Investigate zero values or missing data - Zero values or missing data can impede your ability to establish a meaningful baseline. You should investigate the source of these issues and obtain the missing data, if possible, before you attempt to establish a baseline.
Counters to Log
Table 1 contains the recommend objects and their thresholds according to Microsoft for Exchange 2000 Servers. (1) You can use these values as a guideline when attempting to identify a performance issue or bottleneck on your server or network.
Table 1 - Recommended thresholds for object counters.
|LogicalDisk\ % Free Space||15 percent||None|
|Hard disk||LogicalDisk\ % Disk Time||90 percent||None|
|Hard disk||PhysicalDisk\ Disk Reads/sec, PhysicalDisk\ Disk Writes/sec||Depends on manufacturer's specification||Check the specified transfer rate for your hard disks to verify that this rate does not exceed the specifications.

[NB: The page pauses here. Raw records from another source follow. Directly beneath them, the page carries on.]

lemma unit_vector_growth:
  fixes \<A> :: "(real^'n^'n) set" and N :: "real^'n \<Rightarrow> real"
  assumes fin: "finite \<A>" and irr: "irreducible_set \<A>" and nrm: "is_norm N"
    and hp: "CARD('n) - 1 \<le> p" and xs: "xs \<noteq> 0"
    and hx: "\<mu> * eta_p N \<A> p * jsr N \<A> ^ n * N xs \<le> N (matprod ws *v xs)"
    and x1: "N x1 = 1"
  shows "\<exists>gs\<in>words \<A> p. \<mu> * max 1 (jsr N \<A> ^ p) * jsr N \<A> ^ n \<le> N (matprod ws *v (matprod gs *v x1))"
proof -
  define c where "c = chi N \<A> p"
  have c: "0 < c" unfolding c_def using chi_ball_in_sym_hull[OF fin irr nrm hp] by blast
  have Nxs: "0 < N xs" using is_norm_pos[OF nrm xs] .
  define v where "v = (c / N xs) *\<^sub>R xs"
  have "N v = c" unfolding v_def using is_norm_scaleR[OF nrm] Nxs c by simp
  then have "v \<in> sym_hull \<A> p x1"
    using chi_ball_in_sym_hull(2)[OF fin irr nrm hp x1] unfolding c_def by auto
  then obtain gs where gs: "gs \<in> words \<A> p" "N (matprod ws *v v) \<le> N (matprod ws *v (matprod gs *v x1))"
    using sym_hull_max_at_orbit[OF fin nrm] by blast
  have "\<mu> * max 1 (jsr N \<A> ^ p) * jsr N \<A> ^ n = c / N xs * (\<mu> * eta_p N \<A> p * jsr N \<A> ^ n * N xs)"
    unfolding eta_p_def c_def[symmetric] using c Nxs by (simp add: field_simps)
  also have "\<dots> \<le> c / N xs * N (matprod ws *v xs)" using hx c Nxs by (intro mult_left_mono) auto
  also have "\<dots> = N (matprod ws *v v)"
    unfolding v_def using is_norm_scaleR[OF nrm] c Nxs by (simp add: matrix_vector_mult_scaleR)
  finally show ?thesis using gs by (meson order_trans)
qed

theorem lemma3:
  fixes \<A> :: "(real^'n^'n) set" and N :: "real^'n \<Rightarrow> real"
    and p n :: nat and \<mu> :: real
  assumes fin: "finite \<A>" and ne: "\<A> \<noteq> {}"
    and irr: "irreducible_set \<A>"
    and nrm: "is_norm N"
    and hp: "p \<ge> CARD('n) - 1" and hn: "n \<ge> 1" and hmu: "\<mu> > 1"
    and hyp: "\<exists>ws xs. set ws \<subseteq> \<A> \<and> length ws = n \<and> xs \<noteq> 0 \<and>
               N (matprod ws *v xs) \<ge> \<mu> * eta_p N \<A> p * jsr N \<A> ^ n * N xs"
  shows "\<forall>x. x \<noteq> 0 \<longrightarrow> (\<exists>F. set F \<subseteq> \<A> \<and> n \<le> length F \<and> length F \<le> n + p \<and>
            N (matprod F *v x) \<ge> (\<mu> powr (1 / real (n + p)) * jsr N \<A>) ^ length F * N x)"
proof (intro allI impI)
  fix x :: "real^'n" assume x: "x \<noteq> 0"
  obtain ws xs where ws: "set ws \<subseteq> \<A>" "length ws = n" and xs: "xs \<noteq> 0"
    and hx: "\<mu> * eta_p N \<A> p * jsr N \<A> ^ n * N xs \<le> N (matprod ws *v xs)" using hyp by blast
  define x1 where "x1 = (1 / N x) *\<^sub>R x"
  obtain gs where gs: "set gs \<subseteq> \<A>" "length gs \<le> p"
    and grow: "\<mu> * max 1 (jsr N \<A> ^ p) * jsr N \<A> ^ n \<le> N (matprod ws *v (matprod gs *v x1))"
    using unit_vector_growth[OF fin irr nrm hp xs hx is_norm_normalize[OF nrm x]]
    unfolding x1_def words_def by blast
  have Nx: "0 < N x" using is_norm_pos[OF nrm x] .
  have "N (matprod (ws @ gs) *v x) = N x * N (matprod ws *v (matprod gs *v x1))"
    unfolding x1_def using Nx is_norm_scaleR[OF nrm]
    by (simp add: matprod_append matrix_vector_mul_assoc matrix_vector_mult_scaleR)
  moreover have "(\<mu> powr (1 / real (n + p)) * jsr N \<A>) ^ length (ws @ gs)
      \<le> \<mu> * max 1 (jsr N \<A> ^ p) * jsr N \<A> ^ n"
    using growth_rate_bound[OF hmu jsr_nonneg[OF nrm fin ne] gs(2) hn] ws by simp
  ultimately show "\<exists>F. set F \<subseteq> \<A> \<and> n \<le> length F \<and> length F \<le> n + p \<and>
      N (matprod F *v x) \<ge> (\<mu> powr (1 / real (n + p)) * jsr N \<A>) ^ length F * N x"
    using ws gs grow Nx by (intro exI[of _ "ws @ gs"]) (auto simp: mult.commute intro: mult_right_mono order_trans)
qed

end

Some SCSI disks can handle 50 to 70 I/O operations per second.|
|Hard disk||PhysicalDisk\ Current Disk Queue Length||Number of spindles plus 2||This is an instantaneous counter; observe its value over several intervals. For an average over time, use PhysicalDisk\ Avg. Disk Queue Length.|
|Memory||Memory\ Available Bytes||Less than 4 MB||Research memory usage and add memory if needed.|
|Memory||Memory\ Pages/sec||20||Research paging activity.|
|Network||Network Segment\ % Net Utilization||Depends on type of network||You must determine the threshold based on the type of network you use. For example, for Ethernet networks, 30 percent is the recommended threshold.|
|Paging File||Paging File\ % Usage||More than 70 percent||Find the process that is using a high percentage of processor time. Upgrade to a faster processor or install an additional processor.|
|Processor||Processor\Interrupts/sec||Depends on processor||A dramatic increase in this counter value without a corresponding increase in system activity indicates a hardware problem. Identify the network adapter or hard disk controller card causing the interrupts. You might need to install an additional adapter or controller card. For current CPUs, use a threshold of 1,500 interrupts per second.|
|Server||Server\ Bytes Total/sec||If the sum of bytes total/sec for all servers is roughly equal to the maximum transfer rates of your network, you might need to segment the network.|
|Server||Server\ Work Item Shortages||3||If the value reaches this threshold, consider tuning the InitWorkItems or MaxWorkItems entries in the registry (in HKEY_LOCAL_MACHINE\SYSTEM\ CurrentControlSet\Services\lanmanserver\ Parameters).|
|Server||Server Work Queues\ Queue Length||4||If the value reaches this threshold, there might be a processor bottleneck. This is an instantaneous counter; observe its value over several intervals.|
|Multiple Processors||System\ Processor Queue Length||2||This is an instantaneous counter; observe its value over several intervals.|
When dealing with performance, there is no absolute. There is no hard fast rule that you should be working from. The only thing you have to rely on is the guidelines provides by Microsoft and the experience you and your peers have with Exchange. From this experience will come good judgment and the ability to see beyond the numbers.
In many cases, there may actually be multiple bottlenecks in a system. This is a case that is going to require many days and much patience to work out fully. The key to tweaking the performance in a case like this is to move slowly, one thing at a time and keep a change log of what you have done. You might correct one bottleneck only to discover another soon thereafter.
Lastly, remember that poor performance in one component may be a result of problems in another computer. If you are short on memory, you can expect paging file usage and disk reads and writes to increase. Although you will be able to easily see the changes in the paging file and disk activity, you might miss the real problem of insufficient memory.
The most important thing to remember, however, is that in order to monitor performance accurately on your servers and network you must do it regularly. Playing a hit-and-miss game of randomly looking at performance will get you no where fast. Of course, that's just my two cents worth.